6. From the 2007 peak of $2.1 trillion, global FDI flows fell by 16% in 2008 and
again by 37% in 2009 to $1.14 trillion. Global inflows are expected to pick up to
over $1.2 trillion in 2010 and rise to $1.3-1.5 trillion by 2011 with a stronger
recovery ahead, projected to $ 2 trillion by 2012.

7. The relative weight of developing and transition economies as sources of global


FDI has increased and will keep increasing in 2010 and ahead. China, India and
the Russian Federation will increasingly figure among the top FDI sources (BRICs
contributed to $147 billion of outward FDI in 2008).In fact half of global FDI
inflows now go to developing and transition economies. Their resilience during
the 2009 FDI downturn point to the investment appetite in these regions namely
China, Hong Kong and Russia and India.

8. This has important implications in the way we focus our resources at the level of
BOI in attracting investment.

9. In the African continent, FDI flows fell by 19% in 2009 to $59 billion mainly due
to a contraction in demand and falling commodities prices. Southern Africa
remained the largest recipient of the region. The contraction of African FDI was
lower in investments for the services sector, which is good for Mauritius,
positioned as the services gateway to Africa.

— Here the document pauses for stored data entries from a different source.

lemma (in finite_measure) vcond_exp_cell_average_step:
  fixes U :: "'a \<Rightarrow> real^'k::finite"
  assumes U: "integrable M U" and I: "finite I"
    and E: "\<And>i. i \<in> I \<Longrightarrow> E i \<in> sets M"
    and disj: "\<And>i j. i \<in> I \<Longrightarrow> j \<in> I \<Longrightarrow> i \<noteq> j \<Longrightarrow> E i \<inter> E j = {}"
    and cover: "space M = (\<Union>i\<in>I. E i)"
  defines "V \<equiv> \<lambda>w. \<Sum>i\<in>I. indicator (E i) w *\<^sub>R cell_average M U (E i)"
  shows "AE w in M. vcond_exp M (gen_sigma M V borel) U w = V w"
proof -
  have V_cell: "V w = cell_average M U (E i)" if "i \<in> I" "w \<in> E i" for i w
    unfolding V_def using I that disj
    by (intro sum_indicator_scaleR_disjoint[where c="\<lambda>i. cell_average M U (E i)"]) auto
  have V_meas: "V \<in> borel_measurable M"
    unfolding V_def using E by (intro borel_measurable_sum borel_measurable_scaleR) auto
  have V_int: "integrable M V"
    unfolding V_def using E
    by (intro Bochner_Integration.integrable_sum integrable_scaleR_left integrable_real_indicator)
       (auto simp: less_top[symmetric])
  have cell: "(LINT w:E i|M. U w) = (LINT w:E i|M. V w)" if "i \<in> I" for i
  proof -
    have "(LINT w:E i|M. V w) = (LINT w:E i|M. cell_average M U (E i))"
      using E[OF that] V_cell[OF that] by (intro set_lebesgue_integral_cong) auto
    also have "\<dots> = measure M (E i) *\<^sub>R cell_average M U (E i)"
      using E[OF that] by (simp add: set_integral_const)
    also have "\<dots> = (LINT w:E i|M. U w)"
      using E[OF that] U by (rule measure_scaleR_cell_average)
    finally show ?thesis ..
  qed
  have "(LINT w:A|M. U w) = (LINT w:A|M. V w)" if A: "A \<in> sets (gen_sigma M V borel)" for A
  proof -
    obtain T where T: "T \<subseteq> I" "A = (\<Union>i\<in>T. E i)"
      using sets_gen_sigma_cellwise_const
          [where c="\<lambda>i. cell_average M U (E i)", OF cover V_cell _ A]
      by auto
    from T(1) I have "finite T"
      by (rule finite_subset)
    then show ?thesis
      unfolding T(2) using T(1) E disj U V_int cell by (intro set_integral_disjoint_UN_eqI) blast+
  qed
  moreover have "sigma_finite_subalgebra M (gen_sigma M V borel)"
    using V_meas by (intro sigma_finite_subalgebra_gen_sigma) unfold_locales
  moreover have "V \<in> borel_measurable (gen_sigma M V borel)"
    unfolding gen_sigma_def by (rule measurable_vimage_algebra1) simp
  ultimately show ?thesis
    using U V_int by (intro sigma_finite_subalgebra.vcond_exp_charact)
qed
(* Let $(F,\delta)$ be a differential field of characteristic zero and $(F(t),\delta)$ a monomial extension of $(F,\delta)$. If $f\in F(t)$ is stable in $(F(t),\delta)$, then $\nu_p(f)\ge0$ for every irreducible normal polynomial $p\in F[t]$; i.e., every irreducible factor of the denominator of $f$ is a special polynomial.
   Context: A differential field $(K,\delta)$ is a field with an additive map $\delta$ satisfying the Leibniz rule. $(F(t),\delta)$ is a monomial extension of $(F,\delta)$ if $t$ is transcendental over $F$, the derivation on $F(t)$ extends that of $F$, and $\delta(t)\in F[t]$. A polynomial $p\in F[t]$ is normal if $\gcd(p,\delta(p))=1$ and special if $\gcd(p,\delta(p))=p$. For an irreducible $p\in F[t]$ and nonzero $f\in F(t)$, writing $f=p^m a/b$ with $m\in\mathbb{Z}$, $a,b\in F[t]$, $\gcd(a,b)=1$, $p\nmid ab$, the order is $\nu_p(f)=m$; $\nu_p(0)=+\infty$. An element $f$ is stable in $(F(t),\delta)$ if there is a sequence $(a_i)_{i\ge0}$ in $F(t)$ with $a_0=f$ and $\delta(a_{i+1})=a_i$ for all $i\in\mathbb{N}$. *)

theory Defs
  imports "HOL-Computational_Algebra.Computational_Algebra"
begin

text \<open>The field F(t) of rational functions over F is modelled as the fraction
field of the polynomial ring F[t]; polynomials are embedded via Fract p 1.\<close>

definition derivation :: "('b::comm_ring_1 \<Rightarrow> 'b) \<Rightarrow> bool" where
  "derivation D \<longleftrightarrow> (\<forall>x y. D (x + y) = D x + D y) \<and> (\<forall>x y. D (x * y) = D x * y + x * D y)"

definition monomial_extension ::
  "('a::field \<Rightarrow> 'a) \<Rightarrow> ('a poly fract \<Rightarrow> 'a poly fract) \<Rightarrow> bool" where
  "monomial_extension dF D \<longleftrightarrow>
     derivation dF \<and> derivation D \<and>
     (\<forall>c. D (Fract [:c:] 1) = Fract [:dF c:] 1) \<and>
     (\<exists>q. D (Fract [:0, 1:] 1) = Fract q 1)"

definition normal_poly :: "('a::field poly fract \<Rightarrow> 'a poly fract) \<Rightarrow> 'a poly \<Rightarrow> bool" where
  "normal_poly D p \<longleftrightarrow> (\<exists>q. D (Fract p 1) = Fract q 1 \<and> coprime p q)"

text \<open>Order of a nonzero f at the irreducible p: the unique m with
  f = p^m a / b, coprime a b, p dividing neither a nor b. For f = 0 the order is
  +infinity; we only use it for nonzero f.\<close>
definition nu :: "'a::field poly \<Rightarrow> 'a poly fract \<Rightarrow> int" where
  "nu p f = (THE m. \<exists>a b. b \<noteq> 0 \<and> coprime a b \<and> \<not> p dvd a \<and> \<not> p dvd b \<and>
                        f = Fract p 1 powi m * Fract a b)"

definition stable_elem :: "('a::field poly fract \<Rightarrow> 'a poly fract) \<Rightarrow> 'a poly fract \<Rightarrow> bool" where
  "stable_elem D f \<longleftrightarrow> (\<exists>a :: nat \<Rightarrow> 'a poly fract. a 0 = f \<and> (\<forall>i. D (a (Suc i)) = a i))"

end

theory Submission
  imports Defs
begin

text \<open>Differentiation lowers a negative order at p by
  exactly one: for g = a / (p^m b) with m > 0 and p dividing neither a nor b, D g has
  denominator p^(m+1) b^2 and a numerator congruent to -m a (D p) b modulo p, which is prime
  to p because p does not divide D p and the characteristic is zero. On the other hand, an
  element without pole at p has a derivative without pole at p. Hence if D a(i+1) = a(i) and
  f = a(0) has a pole at p, then every a(i) has a pole at p, of order exactly i plus the
  order of the pole of f, which is absurd for large i.\<close>

lemma derivation_zero:
  assumes "derivation D"
  shows "D 0 = 0"
  using assms unfolding derivation_def by (metis add_cancel_right_right add_0)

10. In 2010, the report notes that continued interest from the Asian economies and
rising commodities prices should help increase FDI into Africa. Intra-regional FDI
within Africa is also increasing with South Africa holding 22% of its outward
stocks in other African nations. Mauritius can play an important role for
structuring these investments.

11. The report also highlights the sectors that have suffered the least in attracting
FDI. Agribusiness or pharmaceuticals that are non-cyclical or fast-growing have
shown resilience and are expected to grow in 2010.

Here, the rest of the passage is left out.